<<<<

(* Let $V$ be a vector space over $\mathrm{GF}(2)$ of finite dimension at least $3$. Then there exists a trilinear form $g:V^3\to\mathrm{GF}(2)$ such that for every $0\ne x\in V$ the induced bilinear form $g(x,-,-):V^2\to\mathrm{GF}(2)$ is not symmetric. *)

theory Defs
  imports Complex_Main "HOL-Library.Z2"
begin

definition trilinear_form ::
  "(bit \<Rightarrow> 'v::ab_group_add \<Rightarrow> 'v) \<Rightarrow> ('v \<Rightarrow> 'v \<Rightarrow> 'v \<Rightarrow> bit) \<Rightarrow> bool" where
  "trilinear_form scale g \<longleftrightarrow>
     (\<forall>y z. Vector_Spaces.linear scale (*) (\<lambda>x. g x y z)) \<and>
     (\<forall>x z. Vector_Spaces.linear scale (*) (\<lambda>y. g x y z)) \<and>
     (\<forall>x y. Vector_Spaces.linear scale (*) (\<lambda>z. g x y z))"

end

theory Submission
  imports Defs
begin

(* Choose an ordered basis e_0, ..., e_(n-1) with coordinate functionals c_i and put
     g(x,y,z) = sum_(i<n) c_i(x) * c_i(y) * c_((i+1) mod n)(z),
   the "cyclic form".  It is trilinear because every summand is a product of linear
   coordinate functionals.  On basis vectors, g(x, e_j, e_l) = c_j(x) if l = j+1 (mod n)
   and 0 otherwise.  If x <> 0, some coordinate c_k(x) is nonzero; then
   g(x, e_k, e_(k+1)) = c_k(x) <> 0, while g(x, e_(k+1), e_k) = 0 because
   k <> k+2 (mod n) when n >= 3. *)

definition cyclic_form ::
  "(nat \<Rightarrow> 'v \<Rightarrow> 'a::comm_semiring_1) \<Rightarrow> nat \<Rightarrow> 'v \<Rightarrow> 'v \<Rightarrow> 'v \<Rightarrow> 'a" where
  "cyclic_form c n x y z = (\<Sum>i<n. c i x * c i y * c (Suc i mod n) z)"

lemma cyclic_form_linear:
  fixes scale :: "'a::field \<Rightarrow> 'v::ab_group_add \<Rightarrow> 'v"
  assumes lin: "\<And>i. Vector_Spaces.linear scale (*) (c i)"
  shows "Vector_Spaces.linear scale (*) (\<lambda>x. cyclic_form c n x y z)"
    and "Vector_Spaces.linear scale (*) (\<lambda>y. cyclic_form c n x y z)"
    and "Vector_Spaces.linear scale (*) (\<lambda>z. cyclic_form c n x y z)"
proof -
  interpret vector_space_pair scale "(*) :: 'a \<Rightarrow> 'a \<Rightarrow> 'a"
    using lin[of 0] unfolding vector_space_pair_def Vector_Spaces.linear_iff by blast
  show "Vector_Spaces.linear scale (*) (\<lambda>x. cyclic_form c n x y z)"
    unfolding cyclic_form_def mult.assoc
    by (intro linear_compose_sum ballI linear_compose_scale lin)
  show "Vector_Spaces.linear scale (*) (\<lambda>y. cyclic_form c n x y z)"
    unfolding cyclic_form_def mult.assoc
    by (intro linear_compose_sum ballI linear_compose_scale_right linear_compose_scale lin)
  show "Vector_Spaces.linear scale (*) (\<lambda>z. cyclic_form c n x y z)"
    unfolding cyclic_form_def
    by (intro linear_compose_sum ballI linear_compose_scale_right lin)
qed

text \<open>Evaluation of the cyclic form on a pair of vectors of a dual basis: only the
  summand \<open>i = j\<close> survives, and it is nonzero only when \<open>l\<close> follows \<open>j\<close> cyclically.\<close>

lemma cyclic_form_dual_basis:
  fixes c :: "nat \<Rightarrow> 'v \<Rightarrow> 'a::comm_semiring_1"
  assumes dual: "\<And>i j. i < n \<Longrightarrow> j < n \<Longrightarrow> c i (e j) = (if i = j then 1 else 0)"
    and "j < n" "l < n"
  shows "cyclic_form c n x (e j) (e l) = (if l = Suc j mod n then c j x else 0)"
proof -
  have "cyclic_form c n x (e j) (e l) = (\<Sum>i<n. if i = j then (if l = Suc j mod n then c j x else 0) else 0)"
    unfolding cyclic_form_def using assms by (intro sum.cong) (auto simp: dual)
  also have "\<dots> = (if l = Suc j mod n then c j x else 0)"
    using \<open>j < n\<close> by simp
  finally show ?thesis .
qed

text \<open>For \<open>n \<ge> 3\<close> the slice at \<open>x\<close> is not symmetric as soon as some coordinate of
  \<open>x\<close> is nonzero: swapping \<open>e k\<close> and its cyclic successor kills the value,
  since the successor of the successor of \<open>k\<close> is not \<open>k\<close> again.\<close>

lemma cyclic_form_not_symmetric:
  fixes c :: "nat \<Rightarrow> 'v \<Rightarrow> 'a::comm_semiring_1"
  assumes dual: "\<And>i j. i < n \<Longrightarrow> j < n \<Longrightarrow> c i (e j) = (if i = j then 1 else 0)"
    and "3 \<le> n" "k < n" "c k x \<noteq> 0"
  shows "cyclic_form c n x (e k) (e (Suc k mod n)) \<noteq> cyclic_form c n x (e (Suc k mod n)) (e k)"
proof -
  have succ: "Suc k mod n < n" using assms(3) by simp
  have no_return: "k \<noteq> Suc (Suc k mod n) mod n"
    using assms(2,3) by (auto simp: mod_Suc)
  have "cyclic_form c n x (e k) (e (Suc k mod n)) = c k x"
    using cyclic_form_dual_basis[of n c e, OF dual assms(3) succ] by simp
  moreover have "cyclic_form c n x (e (Suc k mod n)) (e k) = 0"
    using cyclic_form_dual_basis[of n c e, OF dual succ assms(3)] no_return by simp
  ultimately show ?thesis using assms(4) by simp
qed

context finite_dimensional_vector_space begin

lemma coordinates_wrt_ordered_basis:
  obtains c :: "nat \<Rightarrow> 'b \<Rightarrow> 'a" and e :: "nat \<Rightarrow> 'b"
  where "\<And>i. Vector_Spaces.linear scale (*) (c i)"
    and "\<And>i j. i < dim UNIV \<Longrightarrow> j < dim UNIV \<Longrightarrow> c i (e j) = (if i = j then 1 else 0)"
    and "\<And>x. x \<noteq> 0 \<Longrightarrow> \<exists>k < dim UNIV. c k x \<noteq> 0"
proof -
  obtain xs where xs: "distinct xs" "set xs = Basis"
    using finite_distinct_list[OF finite_Basis] by blast
  have len: "length xs = dim UNIV"
    using xs by (simp add: distinct_card[symmetric])
  define c where "c i v = representation Basis v (xs ! i)" for i v
  have "Vector_Spaces.linear scale (*) (c i)" for i
    unfolding c_def by (rule linear_representation[OF independent_Basis span_Basis])
  moreover have "c i (xs ! j) = (if i = j then 1 else 0)" if "i < dim UNIV" "j < dim UNIV" for i j
  proof -
    have "xs ! j \<in> Basis" using that xs len by auto
    then show ?thesis
      using that xs len unfolding c_def
      by (simp add: representation_basis[OF independent_Basis] nth_eq_iff_index_eq)
  qed
  moreover have "\<exists>k < dim UNIV. c k x \<noteq> 0" if "x \<noteq> 0" for x
  proof -
    have "\<exists>b. representation Basis x b \<noteq> 0"
    proof (rule ccontr)
      assume "\<nexists>b. representation Basis x b \<noteq> 0"
      then have "x = 0"
        using sum_nonzero_representation_eq[OF independent_Basis, of x] span_Basis by simp
      with that show False ..
    qed
    then obtain b where b: "representation Basis x b \<noteq> 0" ..
    then have "b \<in> set xs" using xs representation_ne_zero by blast
    then obtain k where "k < dim UNIV" "xs ! k = b" using len by (auto simp: in_set_conv_nth)
    then show ?thesis using b unfolding c_def by blast
  qed
  ultimately show ?thesis by (intro that)
qed

end

theorem lemma4p4:
  fixes scale :: "bit \<Rightarrow> 'v::ab_group_add \<Rightarrow> 'v" and Basis :: "'v set"
  assumes "finite_dimensional_vector_space scale Basis"
    and "vector_space.dim scale (UNIV :: 'v set) \<ge> 3"
  shows "\<exists>g. trilinear_form scale g \<and>
           (\<forall>x. x \<noteq> 0 \<longrightarrow> \<not> (\<forall>y z. g x y z = g x z y))"
proof -
  interpret V: finite_dimensional_vector_space scale Basis by fact
  let ?n = "V.dim UNIV"
  obtain c e where lin: "\<And>i. Vector_Spaces.linear scale (*) (c i)"
    and dual: "\<And>i j. i < ?n \<Longrightarrow> j < ?n \<Longrightarrow> c i (e j) = (if i = j then 1 else 0)"
    and nonzero: "\<And>x. x \<noteq> 0 \<Longrightarrow> \<exists>k < ?n. c k x \<noteq> 0"
    by (rule V.coordinates_wrt_ordered_basis) auto
  have "trilinear_form scale (cyclic_form c ?n)"
    unfolding trilinear_form_def using cyclic_form_linear[of scale c, OF lin] by blast
  moreover have "\<not> (\<forall>y z. cyclic_form c ?n x y z = cyclic_form c ?n x z y)"
    if x_nonzero: "x \<noteq> 0" for x
  proof -
    obtain k where "k < ?n" "c k x \<noteq> 0" using nonzero[OF x_nonzero] by blast
    then show ?thesis using cyclic_form_not_symmetric[of ?n c e, OF dual assms(2)] by blast
  qed
  ultimately show ?thesis by blast
qed

end
text \<open>R^n: words of length n, represented as functions nat => R vanishing from index n on.\<close>
definition words :: "nat \<Rightarrow> (nat \<Rightarrow> 'a::comm_ring_1) set" where
  "words n = {c. \<forall>i\<ge>n. c i = 0}"

definition linear_code :: "nat \<Rightarrow> (nat \<Rightarrow> 'a::comm_ring_1) set \<Rightarrow> bool" where
  "linear_code n C \<longleftrightarrow> C \<subseteq> words n \<and> (\<lambda>_. 0) \<in> C \<and>
     (\<forall>c\<in>C. \<forall>d\<in>C. (\<lambda>i. c i + d i) \<in> C) \<and>
     (\<forall>r. \<forall>c\<in>C. (\<lambda>i. r * c i) \<in> C)"

definition constashift :: "'a::comm_ring_1 \<Rightarrow> nat \<Rightarrow> (nat \<Rightarrow> 'a) \<Rightarrow> (nat \<Rightarrow> 'a)" where
  "constashift lam n c = (\<lambda>i. if i = 0 then lam * c (n - 1) else if i < n then c (i - 1) else 0)"

definition constacyclic :: "'a::comm_ring_1 \<Rightarrow> nat \<Rightarrow> (nat \<Rightarrow> 'a) set \<Rightarrow> bool" where
  "constacyclic lam n C \<longleftrightarrow> linear_code n C \<and> (\<forall>c\<in>C. constashift lam n c \<in> C)"

definition free_code :: "(nat \<Rightarrow> 'a::comm_ring_1) set \<Rightarrow> bool" where
  "free_code C \<longleftrightarrow> (\<exists>B. finite B \<and> B \<subseteq> C \<and>
     (\<forall>r. (\<lambda>i. \<Sum>b\<in>B. r b * b i) = (\<lambda>_. 0) \<longrightarrow> (\<forall>b\<in>B. r b = 0)) \<and>
     (\<forall>c\<in>C. \<exists>r. c = (\<lambda>i. \<Sum>b\<in>B. r b * b i)))"

end

theory Submission
  imports Defs "HOL-Library.FuncSet"
begin

text \<open>Since \<open>\<pi>(\<lambda>\<^sub>1) \<noteq> \<pi>(\<lambda>\<^sub>2)\<close>, the difference \<open>\<lambda>\<^sub>1 - \<lambda>\<^sub>2\<close> is a unit. For a codeword \<open>c\<close> of
  \<open>D = C\<^sub>1 \<inter> C\<^sub>2\<close> the \<open>\<lambda>\<^sub>1\<close>- and \<open>\<lambda>\<^sub>2\<close>-shifts differ only in position \<open>0\<close>, by
  \<open>(\<lambda>\<^sub>1 - \<lambda>\<^sub>2) c\<^sub>n\<^sub>-\<^sub>1\<close>; after shifting, any nonzero coordinate \<open>y\<close> of a codeword can thus be
  isolated, and then \<open>D\<close> contains every word with entries in \<open>yR\<close>. In a chain ring every
  nonzero principal ideal contains the socle \<open>Ann(m)\<close>, which is nonzero since \<open>R\<close> is finite
  and local. So if \<open>D \<noteq> 0\<close>, each \<open>C\<^sub>i\<close> contains all words over \<open>Ann(m)\<close>. Counting the
  elements of a free code with basis \<open>B\<close> that are killed by \<open>m\<close> in coordinates gives
  \<open>|Ann(m)|\<^sup>n = |Ann(m)|\<^bsup>|B|\<^esup>\<close>, so \<open>|B| = n\<close> and the code is all of \<open>R\<^sup>n\<close>. Hence
  \<open>C\<^sub>1 = C\<^sub>2 = R\<^sup>n\<close>.\<close>

section \<open>Finite chain rings\<close>

definition ideals_form_chain :: "'a::comm_ring_1 itself \<Rightarrow> bool" where
  "ideals_form_chain _ \<longleftrightarrow> (\<forall>I J :: 'a set. is_ideal I \<and> is_ideal J \<longrightarrow> I \<subseteq> J \<or> J \<subseteq> I)"

definition annihilator :: "'a::comm_ring_1 set \<Rightarrow> 'a set" where
  "annihilator M = {s. \<forall>t\<in>M. s * t = 0}"

lemma finite_chain_ringD:
  assumes "finite_chain_ring TYPE('a::comm_ring_1)"
  shows "finite (UNIV :: 'a set)" "ideals_form_chain TYPE('a)"
  using assms unfolding finite_chain_ring_def ideals_form_chain_def by blast+

lemma is_idealD:
  assumes "is_ideal I"
  shows is_ideal_zero: "0 \<in> I"
    and is_ideal_add: "x \<in> I \<Longrightarrow> y \<in> I \<Longrightarrow> x + y \<in> I"
    and is_ideal_mult: "x \<in> I \<Longrightarrow> r * x \<in> I"
  using assms unfolding is_ideal_def by blast+

lemma is_ideal_uminus: "is_ideal I \<Longrightarrow> x \<in> I \<Longrightarrow> - x \<in> I"
  using is_ideal_mult[of I x "- 1"] by simp

lemma is_ideal_principal: "is_ideal (range ((*) (x::'a::comm_ring_1)))"
  unfolding is_ideal_def
proof (intro conjI ballI allI)
  show "0 \<in> range ((*) x)" by (metis mult_zero_right rangeI)
  fix a b assume "a \<in> range ((*) x)" "b \<in> range ((*) x)"
  then obtain u v where "a = x * u" "b = x * v" by blast
  then have "a + b = x * (u + v)" by (simp add: distrib_left)
  then show "a + b \<in> range ((*) x)" by blast
next
  fix r a assume "a \<in> range ((*) x)"
  then obtain u where "a = x * u" by blast
  then have "r * a = x * (r * u)" by (simp add: mult.left_commute)
  then show "r * a \<in> range ((*) x)" by blast
qed

lemma in_principal_self: "(x::'a::comm_ring_1) \<in> range ((*) x)"
  by (metis mult.right_neutral rangeI)

lemma maximal_ideal_is_ideal: "maximal_ideal m \<Longrightarrow> is_ideal m"
  unfolding maximal_ideal_def by blast

lemma one_not_in_maximal_ideal:
  assumes "maximal_ideal m"
  shows "(1::'a::comm_ring_1) \<notin> m"
proof
  assume "1 \<in> m"
  then have "r \<in> m" for r
    using is_ideal_mult[OF maximal_ideal_is_ideal[OF assms]] by (metis mult.right_neutral)
  then show False using assms unfolding maximal_ideal_def by blast
qed

lemma one_minus_not_in_maximal_ideal:
  assumes "maximal_ideal m" "a \<in> m"
  shows "1 - a \<notin> m"
proof
  assume "1 - a \<in> m"
  with assms have "(1 - a) + a \<in> m" using is_ideal_add maximal_ideal_is_ideal by blast
  with one_not_in_maximal_ideal[OF assms(1)] show False by simp
qed

lemma unit_if_not_in_maximal_ideal:
  fixes m :: "'a::comm_ring_1 set"
  assumes chain: "ideals_form_chain TYPE('a)" and max: "maximal_ideal m" and "t \<notin> m"
  shows "t dvd 1"
proof -
  have "range ((*) t) \<subseteq> m \<or> m \<subseteq> range ((*) t)"
    using chain is_ideal_principal maximal_ideal_is_ideal[OF max]
    unfolding ideals_form_chain_def by blast
  then have "m \<subseteq> range ((*) t)"
    using \<open>t \<notin> m\<close> in_principal_self by blast
  then have "range ((*) t) = m \<or> range ((*) t) = UNIV"
    using max is_ideal_principal unfolding maximal_ideal_def by blast
  then have "range ((*) t) = UNIV"
    using \<open>t \<notin> m\<close> in_principal_self by blast
  then show ?thesis by (metis dvdI rangeE UNIV_I)
qed

text \<open>In a finite local ring, a nonzero element generating a principal ideal of least size
  is killed by the maximal ideal: otherwise \<open>z = z t s\<close> with \<open>t \<in> m\<close>, and \<open>1 - t s\<close> is a unit.\<close>

lemma annihilator_maximal_ideal_nonzero:
  fixes m :: "'a::comm_ring_1 set"
  assumes fin: "finite (UNIV :: 'a set)" and max: "maximal_ideal m"
    and units: "\<And>t. t \<notin> m \<Longrightarrow> t dvd 1"
  shows "annihilator m \<noteq> {0}"
proof -
  have "(1::'a) \<noteq> 0"
    using one_not_in_maximal_ideal[OF max] is_ideal_zero[OF maximal_ideal_is_ideal[OF max]]
    by metis
  then obtain z :: 'a where "z \<noteq> 0"
    and least: "\<And>w::'a. w \<noteq> 0 \<Longrightarrow> card (range ((*) z)) \<le> card (range ((*) w))"
    using ex_has_least_nat[of "\<lambda>z::'a. z \<noteq> 0" 1 "\<lambda>z. card (range ((*) z))"] by blast
  have "z * t = 0" if "t \<in> m" for t
  proof (rule ccontr)
    assume "z * t \<noteq> 0"
    have sub: "range ((*) (z * t)) \<subseteq> range ((*) z)" by (auto simp: mult.assoc)
    have "range ((*) (z * t)) = range ((*) z)"
      using card_subset_eq[OF finite_subset[OF subset_UNIV fin] sub] least[OF \<open>z * t \<noteq> 0\<close>]
        card_mono[OF finite_subset[OF subset_UNIV fin] sub] by simp
    then obtain s where s: "z = z * t * s" using in_principal_self[of z] by (metis imageE)
    have "t * s \<in> m"
      using is_ideal_mult[OF maximal_ideal_is_ideal[OF max] \<open>t \<in> m\<close>] by (metis mult.commute)
    then obtain u where u: "1 = (1 - t * s) * u"
      using units one_minus_not_in_maximal_ideal[OF max] by (meson dvdE)
    have "z = z * (1 - t * s) * u" using u by (simp add: mult.assoc)
    also have "\<dots> = 0" using s by (simp add: algebra_simps)
    finally show False using \<open>z \<noteq> 0\<close> by simp
  qed
  then have "z \<in> annihilator m" unfolding annihilator_def by blast
  with \<open>z \<noteq> 0\<close> show ?thesis by blast
qed

lemma annihilator_maximal_ideal_subset_principal:
  fixes m :: "'a::comm_ring_1 set"
  assumes chain: "ideals_form_chain TYPE('a)" and max: "maximal_ideal m" and "y \<noteq> 0"
  shows "annihilator m \<subseteq> range ((*) y)"
proof
  fix s assume s: "s \<in> annihilator m"
  have "range ((*) s) \<subseteq> range ((*) y) \<or> range ((*) y) \<subseteq> range ((*) s)"
    using chain is_ideal_principal unfolding ideals_form_chain_def by blast
  then show "s \<in> range ((*) y)"
  proof
    assume "range ((*) y) \<subseteq> range ((*) s)"
    then obtain a where a: "y = s * a" using in_principal_self[of y] by blast
    have "a \<notin> m" using a s \<open>y \<noteq> 0\<close> unfolding annihilator_def by auto
    then obtain b where "1 = a * b"
      using unit_if_not_in_maximal_ideal[OF chain max] by (meson dvdE)
    then have "s = y * b" using a by (metis mult.assoc mult.right_neutral)
    then show ?thesis by blast
  qed (use in_principal_self in blast)
qed

lemma proj_eq_if_diff_in_ideal:
  assumes ideal: "is_ideal m" and "a - b \<in> m"
  shows "proj m a = proj m b"
proof -
  have shift: "proj m a \<subseteq> proj m b" if "a - b \<in> m" for a b
  proof
    fix z assume "z \<in> proj m a"
    then obtain x where "z = a + x" "x \<in> m" unfolding proj_def by blast
    moreover have "(a - b) + x \<in> m" using is_ideal_add[OF ideal that \<open>x \<in> m\<close>] .
    ultimately show "z \<in> proj m b" unfolding proj_def by (auto intro!: exI[of _ "(a - b) + x"])
  qed
  have "b - a \<in> m"
    using is_ideal_uminus[OF ideal \<open>a - b \<in> m\<close>] by simp
  then show ?thesis using shift \<open>a - b \<in> m\<close> by blast
qed

lemma unit_diff_if_proj_neq:
  fixes m :: "'a::comm_ring_1 set"
  assumes "ideals_form_chain TYPE('a)" "maximal_ideal m" "proj m a \<noteq> proj m b"
  shows "(a - b) dvd 1"
  using assms unit_if_not_in_maximal_ideal proj_eq_if_diff_in_ideal maximal_ideal_is_ideal by blast

section \<open>Linear and free codes\<close>

definition words_over :: "nat \<Rightarrow> 'a::comm_ring_1 set \<Rightarrow> (nat \<Rightarrow> 'a) set" where
  "words_over n S = {c \<in> words n. \<forall>i. c i \<in> S}"

lemma words_over_UNIV [simp]: "words_over n UNIV = words n"
  unfolding words_over_def by simp

lemma words_over_mono: "S \<subseteq> T \<Longrightarrow> words_over n S \<subseteq> words_over n T"
  unfolding words_over_def by blast

lemma bij_betw_restrict_words_over:
  assumes "0 \<in> S"
  shows "bij_betw (\<lambda>c. restrict c {..<n}) (words_over n S) (PiE {..<n} (\<lambda>_. S))"
proof (rule bij_betw_byWitness[where f' = "\<lambda>g i. if i < n then g i else 0"])
  show "\<forall>c\<in>words_over n S. (\<lambda>i. if i < n then restrict c {..<n} i else 0) = c"
    unfolding words_over_def words_def by (simp add: fun_eq_iff)
  show "\<forall>g\<in>PiE {..<n} (\<lambda>_. S). restrict (\<lambda>i. if i < n then g i else 0) {..<n} = g"
  proof
    fix g assume "g \<in> PiE {..<n} (\<lambda>_. S)"
    then show "restrict (\<lambda>i. if i < n then g i else 0) {..<n} = g"
      by (intro extensionalityI[of _ "{..<n}"]) (simp_all add: PiE_iff)
  qed
  show "(\<lambda>g i. if i < n then g i else 0) ` PiE {..<n} (\<lambda>_. S) \<subseteq> words_over n S"
    using assms by (intro image_subsetI) (simp add: words_over_def words_def PiE_iff)
  show "(\<lambda>c. restrict c {..<n}) ` words_over n S \<subseteq> PiE {..<n} (\<lambda>_. S)"
    by (intro image_subsetI) (simp add: words_over_def)
qed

>>>>

▸ Prompt
From the data above, return every line from the line that has "proj_def by (auto" up to and including the line that has "S \<subseteq> PiE", exactly.

▸ Result of this exercise
    ultimately show "z \<in> proj m b" unfolding proj_def by (auto intro!: exI[of _ "(a - b) + x"])
  qed
  have "b - a \<in> m"
    using is_ideal_uminus[OF ideal \<open>a - b \<in> m\<close>] by simp
  then show ?thesis using shift \<open>a - b \<in> m\<close> by blast
qed

lemma unit_diff_if_proj_neq:
  fixes m :: "'a::comm_ring_1 set"
  assumes "ideals_form_chain TYPE('a)" "maximal_ideal m" "proj m a \<noteq> proj m b"
  shows "(a - b) dvd 1"
  using assms unit_if_not_in_maximal_ideal proj_eq_if_diff_in_ideal maximal_ideal_is_ideal by blast

section \<open>Linear and free codes\<close>

definition words_over :: "nat \<Rightarrow> 'a::comm_ring_1 set \<Rightarrow> (nat \<Rightarrow> 'a) set" where
  "words_over n S = {c \<in> words n. \<forall>i. c i \<in> S}"

lemma words_over_UNIV [simp]: "words_over n UNIV = words n"
  unfolding words_over_def by simp

lemma words_over_mono: "S \<subseteq> T \<Longrightarrow> words_over n S \<subseteq> words_over n T"
  unfolding words_over_def by blast

lemma bij_betw_restrict_words_over:
  assumes "0 \<in> S"
  shows "bij_betw (\<lambda>c. restrict c {..<n}) (words_over n S) (PiE {..<n} (\<lambda>_. S))"
proof (rule bij_betw_byWitness[where f' = "\<lambda>g i. if i < n then g i else 0"])
  show "\<forall>c\<in>words_over n S. (\<lambda>i. if i < n then restrict c {..<n} i else 0) = c"
    unfolding words_over_def words_def by (simp add: fun_eq_iff)
  show "\<forall>g\<in>PiE {..<n} (\<lambda>_. S). restrict (\<lambda>i. if i < n then g i else 0) {..<n} = g"
  proof
    fix g assume "g \<in> PiE {..<n} (\<lambda>_. S)"
    then show "restrict (\<lambda>i. if i < n then g i else 0) {..<n} = g"
      by (intro extensionalityI[of _ "{..<n}"]) (simp_all add: PiE_iff)
  qed
  show "(\<lambda>g i. if i < n then g i else 0) ` PiE {..<n} (\<lambda>_. S) \<subseteq> words_over n S"
    using assms by (intro image_subsetI) (simp add: words_over_def words_def PiE_iff)
  show "(\<lambda>c. restrict c {..<n}) ` words_over n S \<subseteq> PiE {..<n} (\<lambda>_. S)"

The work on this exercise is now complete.